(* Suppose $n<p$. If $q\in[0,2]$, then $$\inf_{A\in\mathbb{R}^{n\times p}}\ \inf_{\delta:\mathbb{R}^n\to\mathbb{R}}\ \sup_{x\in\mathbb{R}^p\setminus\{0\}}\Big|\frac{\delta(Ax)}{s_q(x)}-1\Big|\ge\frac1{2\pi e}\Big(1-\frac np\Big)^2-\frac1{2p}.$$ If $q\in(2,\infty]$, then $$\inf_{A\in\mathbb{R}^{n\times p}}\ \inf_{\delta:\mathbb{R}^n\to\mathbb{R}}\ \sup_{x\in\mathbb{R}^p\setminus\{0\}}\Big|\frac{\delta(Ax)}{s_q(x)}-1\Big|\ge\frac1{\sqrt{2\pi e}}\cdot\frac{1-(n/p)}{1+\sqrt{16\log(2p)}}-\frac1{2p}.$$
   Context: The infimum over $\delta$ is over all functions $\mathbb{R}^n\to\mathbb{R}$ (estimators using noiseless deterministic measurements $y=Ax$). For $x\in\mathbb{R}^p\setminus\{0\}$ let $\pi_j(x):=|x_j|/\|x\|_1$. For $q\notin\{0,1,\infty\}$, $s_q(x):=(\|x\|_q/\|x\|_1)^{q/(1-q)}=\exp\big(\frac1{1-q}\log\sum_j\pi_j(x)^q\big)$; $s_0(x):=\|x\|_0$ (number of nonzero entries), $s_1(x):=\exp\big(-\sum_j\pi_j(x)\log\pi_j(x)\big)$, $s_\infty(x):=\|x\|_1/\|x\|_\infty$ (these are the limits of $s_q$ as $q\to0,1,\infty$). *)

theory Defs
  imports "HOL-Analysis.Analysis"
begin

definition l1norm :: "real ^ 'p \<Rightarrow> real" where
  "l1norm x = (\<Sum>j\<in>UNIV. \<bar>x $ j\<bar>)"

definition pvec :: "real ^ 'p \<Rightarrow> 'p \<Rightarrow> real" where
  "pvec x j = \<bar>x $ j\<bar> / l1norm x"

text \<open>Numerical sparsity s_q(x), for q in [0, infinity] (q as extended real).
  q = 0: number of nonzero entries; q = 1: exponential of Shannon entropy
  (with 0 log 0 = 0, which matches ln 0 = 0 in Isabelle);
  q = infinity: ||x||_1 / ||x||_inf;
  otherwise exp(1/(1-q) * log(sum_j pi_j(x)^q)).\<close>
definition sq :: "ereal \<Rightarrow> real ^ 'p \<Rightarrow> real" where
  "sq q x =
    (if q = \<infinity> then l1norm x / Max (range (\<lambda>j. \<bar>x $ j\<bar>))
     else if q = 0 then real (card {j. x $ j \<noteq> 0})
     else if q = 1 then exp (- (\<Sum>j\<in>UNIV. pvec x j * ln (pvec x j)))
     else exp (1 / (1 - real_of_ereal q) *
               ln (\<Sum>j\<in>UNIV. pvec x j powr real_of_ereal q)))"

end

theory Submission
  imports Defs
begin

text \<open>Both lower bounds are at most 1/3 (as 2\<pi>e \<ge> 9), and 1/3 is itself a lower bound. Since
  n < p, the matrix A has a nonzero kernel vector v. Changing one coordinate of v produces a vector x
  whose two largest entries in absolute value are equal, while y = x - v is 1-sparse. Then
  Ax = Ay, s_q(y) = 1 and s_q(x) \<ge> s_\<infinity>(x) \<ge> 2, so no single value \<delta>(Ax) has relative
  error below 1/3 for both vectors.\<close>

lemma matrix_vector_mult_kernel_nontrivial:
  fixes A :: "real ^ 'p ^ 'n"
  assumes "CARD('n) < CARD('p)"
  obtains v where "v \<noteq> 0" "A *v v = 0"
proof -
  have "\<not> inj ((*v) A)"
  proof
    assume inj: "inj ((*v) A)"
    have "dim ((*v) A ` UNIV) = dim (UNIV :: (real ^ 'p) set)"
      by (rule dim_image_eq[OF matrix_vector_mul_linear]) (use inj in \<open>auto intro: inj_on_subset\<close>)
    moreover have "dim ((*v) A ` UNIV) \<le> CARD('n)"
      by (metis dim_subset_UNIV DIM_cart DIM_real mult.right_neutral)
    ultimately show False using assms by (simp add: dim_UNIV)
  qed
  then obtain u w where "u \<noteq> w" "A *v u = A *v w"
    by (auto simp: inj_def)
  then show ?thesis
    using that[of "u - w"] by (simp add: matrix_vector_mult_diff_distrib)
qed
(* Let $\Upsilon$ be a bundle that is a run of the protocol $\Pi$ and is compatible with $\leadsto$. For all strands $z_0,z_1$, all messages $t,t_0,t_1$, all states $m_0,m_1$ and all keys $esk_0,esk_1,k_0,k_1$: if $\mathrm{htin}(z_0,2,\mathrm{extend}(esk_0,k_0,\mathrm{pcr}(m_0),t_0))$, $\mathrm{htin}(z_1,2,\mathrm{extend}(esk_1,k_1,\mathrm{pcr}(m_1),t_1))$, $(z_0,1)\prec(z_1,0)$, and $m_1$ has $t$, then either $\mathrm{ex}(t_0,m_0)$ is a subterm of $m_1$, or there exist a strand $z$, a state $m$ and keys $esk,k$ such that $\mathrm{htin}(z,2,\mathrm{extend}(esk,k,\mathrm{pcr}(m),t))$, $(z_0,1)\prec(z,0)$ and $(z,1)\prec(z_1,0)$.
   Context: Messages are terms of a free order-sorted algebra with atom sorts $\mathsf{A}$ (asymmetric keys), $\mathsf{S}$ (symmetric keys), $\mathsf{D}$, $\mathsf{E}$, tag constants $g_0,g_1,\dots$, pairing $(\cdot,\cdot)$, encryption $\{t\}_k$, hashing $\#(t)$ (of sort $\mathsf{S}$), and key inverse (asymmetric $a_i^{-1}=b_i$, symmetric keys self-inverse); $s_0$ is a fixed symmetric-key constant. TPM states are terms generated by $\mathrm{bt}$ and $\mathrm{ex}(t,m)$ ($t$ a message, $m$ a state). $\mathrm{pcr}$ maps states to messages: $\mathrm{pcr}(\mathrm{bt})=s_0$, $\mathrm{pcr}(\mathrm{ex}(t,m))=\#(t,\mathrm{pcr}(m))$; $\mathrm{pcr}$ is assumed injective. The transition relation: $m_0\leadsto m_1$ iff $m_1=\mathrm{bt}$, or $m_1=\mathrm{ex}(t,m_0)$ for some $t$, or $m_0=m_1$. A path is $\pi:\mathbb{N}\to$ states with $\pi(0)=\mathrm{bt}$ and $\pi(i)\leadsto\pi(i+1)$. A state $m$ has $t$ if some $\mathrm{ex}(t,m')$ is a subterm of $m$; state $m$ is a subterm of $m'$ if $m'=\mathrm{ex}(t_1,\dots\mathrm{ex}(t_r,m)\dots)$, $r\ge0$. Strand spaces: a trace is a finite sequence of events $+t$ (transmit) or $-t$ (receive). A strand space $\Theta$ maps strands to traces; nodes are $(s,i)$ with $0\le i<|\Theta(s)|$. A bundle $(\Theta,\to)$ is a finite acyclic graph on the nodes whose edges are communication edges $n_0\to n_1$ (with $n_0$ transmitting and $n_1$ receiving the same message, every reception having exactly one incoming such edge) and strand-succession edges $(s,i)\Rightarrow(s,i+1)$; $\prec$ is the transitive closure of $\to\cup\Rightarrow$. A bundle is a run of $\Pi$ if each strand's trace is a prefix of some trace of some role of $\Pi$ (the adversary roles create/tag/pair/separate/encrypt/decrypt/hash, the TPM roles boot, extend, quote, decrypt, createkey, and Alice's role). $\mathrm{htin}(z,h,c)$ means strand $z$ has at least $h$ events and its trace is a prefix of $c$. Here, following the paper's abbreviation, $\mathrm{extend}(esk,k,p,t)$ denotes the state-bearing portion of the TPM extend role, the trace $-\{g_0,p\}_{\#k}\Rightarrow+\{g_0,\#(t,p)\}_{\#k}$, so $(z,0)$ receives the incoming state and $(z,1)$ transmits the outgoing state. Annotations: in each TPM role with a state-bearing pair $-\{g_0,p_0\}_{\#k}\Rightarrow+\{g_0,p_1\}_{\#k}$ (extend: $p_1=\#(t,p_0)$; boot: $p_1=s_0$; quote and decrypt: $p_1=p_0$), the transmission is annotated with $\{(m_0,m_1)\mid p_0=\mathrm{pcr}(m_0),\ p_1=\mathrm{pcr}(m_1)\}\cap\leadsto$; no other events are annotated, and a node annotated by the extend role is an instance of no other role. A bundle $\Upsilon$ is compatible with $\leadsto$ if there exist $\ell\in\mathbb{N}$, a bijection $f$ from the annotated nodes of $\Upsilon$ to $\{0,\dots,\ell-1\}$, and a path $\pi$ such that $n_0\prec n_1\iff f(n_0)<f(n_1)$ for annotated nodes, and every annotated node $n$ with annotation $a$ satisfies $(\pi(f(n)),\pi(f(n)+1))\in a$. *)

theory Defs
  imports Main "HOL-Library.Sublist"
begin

> _TASK STATEMENT_
Show each line from the listing above that includes the word "auto".

> _COMPLETED TASK_
      by (rule dim_image_eq[OF matrix_vector_mul_linear]) (use inj in \<open>auto intro: inj_on_subset\<close>)
    by (auto simp: inj_def)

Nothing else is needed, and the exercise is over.